Michelangelo chimed in with a cheerful, "nuh-uh!" but Yoshi felt a nudge of concern. Raphael should not have still been sick if he was getting the rest and medicine he needed. "It is cold where you sleep?"

"Kinda. There isn't any power, all we have is flashlights and a little electric lantern. Donnie says we have to save the batteries, 'cause he only found a few more."

Murakami was silent as he set about making their lunch. Yoshi struggled to keep his voice light.

"Do you have blankets? Or winter coats? Warm things to wear at night?"

Leonardo blinked down at his hands, rolling the scarf between his fingers. "Yes," he said, and Yoshi thought he knew him well enough to pick out the lie. He sat back, while Mikey poked curiously through his coat pockets, and considered his next words carefully.

The last thing he wanted was to cross a line, and give the doors in those wide ocean eyes any excuse to close.

"I only ask," Yoshi added slowly, before the tentative trust Leo had in him could be expunged by any verbal misstep, "because I have some extra things at home. I run a school for the martial arts from my estate, and over the years I've amassed quite the lost-and-found collection. Since I've no need for any of it myself, it would really be doing me a favor if you could take one or two things off my hands."

And like magic, Leonardo's face grew light again, a window opening wide to let in the sun.

"You run a martial arts school?"

Yoshi managed to keep his bone-wracking relief to himself, covering his sigh with a smile. "I manage the business end of things. I don't teach anymore, myself—" and for a reason, perhaps, the boys did not need to know "—but the techniques are my family's, passed down through generations. I'll have to show you the dojo sometime."

And before he left that evening, Yoshi pressed a small prepaid cellphone into Leonardo's hands. Prepared for the way Leonardo tensed and tried to shove it back at him, and having none of it.

"If you need anything," he said, very clearly, so that Leonardo had no choice but to listen to every word, "and you can't come to Murakami-san, for whatever reason—then call me. I will be here for you."

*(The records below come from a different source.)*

(* Let $A,B$ be $2\times 2$ constant Hermitian positive definite matrices. Then $H_{A,B}$ has an eigenfunction of the form $\Phi(x)=(\tilde a\,\phi^\alpha_n(x),\ \tilde b\,\phi^\beta_m(x))^{t}$ with $\tilde a,\tilde b\in\mathbb{C}$ not both zero, $\alpha,\beta>0$ and $m,n\in\{0,1,2,\dots\}$, if and only if $AB=BA$. In particular, when $AB\neq BA$, no nonzero function of the form $v_0\phi^\alpha_0+v_1\phi_1^\alpha$ ($v_0,v_1\in\mathbb{C}^2$, $\alpha>0$) is an eigenfunction of $H_{A,B}$.
   Context: $H_{A,B}:=B(-\partial_x^2)+Ax^2$ on $L^2(\mathbb{R};\mathbb{C}^2)$, self-adjoint on the domain of pairs of functions in $H^2(\mathbb{R})\cap\{f:\int|x^2f|^2<\infty\}$. For $\alpha>0$, $n\ge0$: $\phi^\alpha_n(x)=\alpha^{1/4}h_n(\alpha^{1/2}x)e^{-\alpha x^2/2}/\sqrt{2^nn!\sqrt\pi}$, with $h_n(x)=(-1)^ne^{x^2}\partial_x^n[e^{-x^2}]$ the Hermite polynomials; these are the normalized eigenfunctions of $-\partial_x^2+\alpha^2x^2$. *)

theory Defs
  imports "HOL-Analysis.Analysis"
begin

definition hermitian_mat :: "complex^2^2 \<Rightarrow> bool" where
  "hermitian_mat A \<longleftrightarrow> (\<forall>i j. A $ i $ j = cnj (A $ j $ i))"

definition quad_form :: "complex^2^2 \<Rightarrow> complex^2 \<Rightarrow> complex" where
  "quad_form A v = (\<Sum>i\<in>UNIV. cnj (v $ i) * (A *v v) $ i)"

definition pos_def_mat :: "complex^2^2 \<Rightarrow> bool" where
  "pos_def_mat A \<longleftrightarrow> hermitian_mat A \<and> (\<forall>v. v \<noteq> 0 \<longrightarrow> 0 < Re (quad_form A v))"

definition hermite :: "nat \<Rightarrow> real \<Rightarrow> real" where
  "hermite n x = (-1) ^ n * exp (x^2) * (deriv ^^ n) (\<lambda>t. exp (- (t^2))) x"

text \<open>Normalized eigenfunctions of -d^2/dx^2 + alpha^2 x^2.\<close>
definition hermite_fn :: "real \<Rightarrow> nat \<Rightarrow> real \<Rightarrow> real" where
  "hermite_fn \<alpha> n x = \<alpha> powr (1/4) * hermite n (sqrt \<alpha> * x) * exp (- \<alpha> * x^2 / 2)
      / sqrt (2 ^ n * fact n * sqrt pi)"

definition H_op :: "complex^2^2 \<Rightarrow> complex^2^2 \<Rightarrow> (real \<Rightarrow> complex^2) \<Rightarrow> real \<Rightarrow> complex^2" where
  "H_op A B \<Phi> x = B *v (- vector_derivative (\<lambda>t. vector_derivative \<Phi> (at t)) (at x))
                    + complex_of_real (x^2) *s (A *v \<Phi> x)"

definition eigenfunction_H :: "complex^2^2 \<Rightarrow> complex^2^2 \<Rightarrow> (real \<Rightarrow> complex^2) \<Rightarrow> bool" where
  "eigenfunction_H A B \<Phi> \<longleftrightarrow>
     \<Phi> \<noteq> (\<lambda>x. 0) \<and>
     (\<forall>x. \<Phi> differentiable (at x)) \<and>
     (\<forall>x. (\<lambda>t. vector_derivative \<Phi> (at t)) differentiable (at x)) \<and>
     (\<exists>\<mu>::complex. \<forall>x. H_op A B \<Phi> x = \<mu> *s \<Phi> x)"

end

theory Submission
  imports Defs "HOL-Computational_Algebra.Polynomial" "HOL-Real_Asymp.Real_Asymp"
begin

(*
  Write \<phi>\<^sup>\<alpha>\<^sub>n(x) = c p\<^sub>n(sqrt \<alpha> x) exp(-\<alpha> x^2/2) with the Hermite polynomial p\<^sub>n of degree n. The
  oscillator equation -\<phi>'' + \<alpha>^2 x^2 \<phi> = (2n+1) \<alpha> \<phi> turns H\<^sub>A\<^sub>,\<^sub>B \<Phi> = \<mu> \<Phi> for
  \<Phi> = \<phi>\<^sup>\<alpha>\<^sub>n u + \<phi>\<^sup>\<beta>\<^sub>m v into
    \<phi>\<^sup>\<alpha>\<^sub>n (c\<^sub>0(u) + x^2 c\<^sub>2(u)) + \<phi>\<^sup>\<beta>\<^sub>m (c\<^sub>0(v) + x^2 c\<^sub>2(v)) = 0,
  where c\<^sub>0(u) = (2n+1) \<alpha> B u - \<mu> u and c\<^sub>2(u) = A u - \<alpha>^2 B u.
  Polynomials times Gaussians of different widths are linearly independent, and for equal widths
  comparing degrees of the polynomial factors separates the coefficients. So A and B acquire a common
  eigenvector: either some w \<noteq> 0 has c\<^sub>0(w) = c\<^sub>2(w) = 0, or (for the diagonal ansatz) the
  off-diagonal entries of A and B vanish. For 2 x 2 Hermitian matrices a common eigenvector w makes
  its orthogonal complement a common eigenvector too, so A B = B A.
  Conversely, commuting positive definite A and B have a common eigenvector w with A w = a w,
  B w = b w and a, b > 0, and \<phi>\<^sup>\<alpha>\<^sub>0 w with \<alpha> = sqrt (a / b) is an eigenfunction.
*)

section \<open>Hermite polynomials and Hermite functions\<close>

fun hermite_poly :: "nat \<Rightarrow> real poly" where
  "hermite_poly 0 = 1"
| hermite_poly_Suc: "hermite_poly (Suc n) = [:0, 2:] * hermite_poly n - pderiv (hermite_poly n)"

declare hermite_poly_Suc [simp del]

lemma pderiv_hermite_poly_Suc:
  "pderiv (hermite_poly (Suc n)) = smult (2 * real (Suc n)) (hermite_poly n)"
proof (induction n)
  case 0
  then show ?case by (simp add: pderiv_pCons hermite_poly_Suc)
next
  case (Suc n)
  have "pderiv (hermite_poly (Suc (Suc n)))
      = smult 2 (hermite_poly (Suc n)) + [:0, 2:] * smult (2 * real (Suc n)) (hermite_poly n)
        - smult (2 * real (Suc n)) (pderiv (hermite_poly n))"
    by (simp add: hermite_poly_Suc [of "Suc n"] pderiv_diff pderiv_mult pderiv_pCons Suc pderiv_smult)
  also have "\<dots> = smult (2 * real (Suc (Suc n))) (hermite_poly (Suc n))"
    by (simp add: hermite_poly_Suc [of n] algebra_simps smult_diff_right smult_add_left [symmetric])
  finally show ?case .
qed

lemma hermite_poly_ode:
  "pderiv (pderiv (hermite_poly n))
     = [:0, 2:] * pderiv (hermite_poly n) - smult (2 * real n) (hermite_poly n)"
proof -
  have "pderiv (hermite_poly (Suc n))
      = smult 2 (hermite_poly n) + [:0, 2:] * pderiv (hermite_poly n) - pderiv (pderiv (hermite_poly n))"
    by (simp add: hermite_poly_Suc pderiv_diff pderiv_mult pderiv_pCons pderiv_smult)
  then show ?thesis by (simp add: pderiv_hermite_poly_Suc algebra_simps smult_add_left)
qed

The warm interior of Murakami's restaurant, where Yoshi first saw the boys, and since had been coming to meet them like clockwork for the better part of a month, drove the idea home; Yoshi was a constant to them now. Someone familiar, and—ever so timidly—someone they could trust.

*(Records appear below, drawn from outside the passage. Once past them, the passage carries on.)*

theorem proposition3:
  fixes n :: nat and eps phi :: real and x0 y0 :: "nat \<Rightarrow> real" and T :: nat
  assumes "n \<ge> 1"
    and "0 \<le> eps" and "eps \<le> 1"
    and "0 < phi" and "phi < 1"
    and "\<forall>i\<in>{1..n}. x0 i \<in> {0..1} \<and> y0 i \<in> {0..1}"
    and "T > 0"
    and "Theta n eps phi x0 y0 T \<noteq> {}"
    and "\<forall>t\<ge>T. Omega n eps phi x0 y0 t = Omega n eps phi x0 y0 T
               \<and> Theta n eps phi x0 y0 t = Theta n eps phi x0 y0 T"
  shows "(\<forall>i\<in>Theta n eps phi x0 y0 T. \<forall>t\<ge>T. zst n eps phi x0 y0 t i = zst n eps phi x0 y0 T i)
       \<and> (\<forall>j\<in>Omega n eps phi x0 y0 T.
            (\<lambda>t. infdist (zst n eps phi x0 y0 t j)
                   (convex hull ((\<lambda>i. zst n eps phi x0 y0 T i) ` Theta n eps phi x0 y0 T)))
            \<longlonglongrightarrow> 0)"
proof -
  interpret opinion_action_isolated n phi T "xs n eps phi x0 y0" "ys n eps phi x0 y0"
    "\<lambda>t. nbrs n eps (xs n eps phi x0 y0 t) (ys n eps phi x0 y0 t)" "Theta n eps phi x0 y0 T"
    using opinion_action_isolated_model assms(1,4,5,8,9) by blast
  have Theta_opinions: "(\<lambda>i. zst n eps phi x0 y0 T i) ` Theta n eps phi x0 y0 T
      = xs n eps phi x0 y0 T ` Theta n eps phi x0 y0 T"
    using Th_subset zst_opinion by (intro image_cong) auto
  show ?thesis
    unfolding Theta_opinions
  proof (intro conjI ballI allI impI)
    fix i t assume i: "i \<in> Theta n eps phi x0 y0 T" and t: "T \<le> t"
    then have "i \<le> n"
      using Th_subset by auto
    then show "zst n eps phi x0 y0 t i = zst n eps phi x0 y0 T i"
      using zst_opinion x_isolated_const[OF t i] by simp
  next
    fix j assume "j \<in> Omega n eps phi x0 y0 T"
    then consider "j \<in> {1..n}" | "n < j" "j - n \<in> {1..n}"
      unfolding Omega_def by fastforce
    then show "(\<lambda>t. infdist (zst n eps phi x0 y0 t j)
        (convex hull (xs n eps phi x0 y0 T ` Theta n eps phi x0 y0 T))) \<longlonglongrightarrow> 0"
    proof cases
      case 1
      then show ?thesis
        using infdist_convex_hull_tendsto(1)[OF 1] zst_opinion by simp
    next
      case 2
      then show ?thesis
        using filterlim_compose[OF infdist_convex_hull_tendsto(2)[OF 2(2)] filterlim_minus_const_nat_at_top]
        by (simp add: zst_action)
    qed
  qed
qed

Leonardo had curled his fingers around the phone for a long moment that stretched between them like something physical, then crammed it into the pocket of his jacket, with a murmured word of thanks. And Yoshi didn't worry at the way Leonardo couldn't meet his eyes, because at a glance, he knew the difference between wounded pride and gratitude so fierce it shook you like a storm. He had felt both.

And he felt better for it, glad that if they needed help, those brave, dear children had a way to reach him—

But when he got that first phone call, several nights later at close to one o'clock in the morning, it all but froze his heart. Leonardo's voice in his ear, soft and hushed and so, so afraid, propelled Yoshi out of the peaceful dim of his personal rooms and into his shoes and coat in record time, rushing to his car with the phone still pressed to his ear.

"Hamato-san? It's it's Leo. I'm sorry it's so late, but you said call if I need help, and and Raph's gotten worse."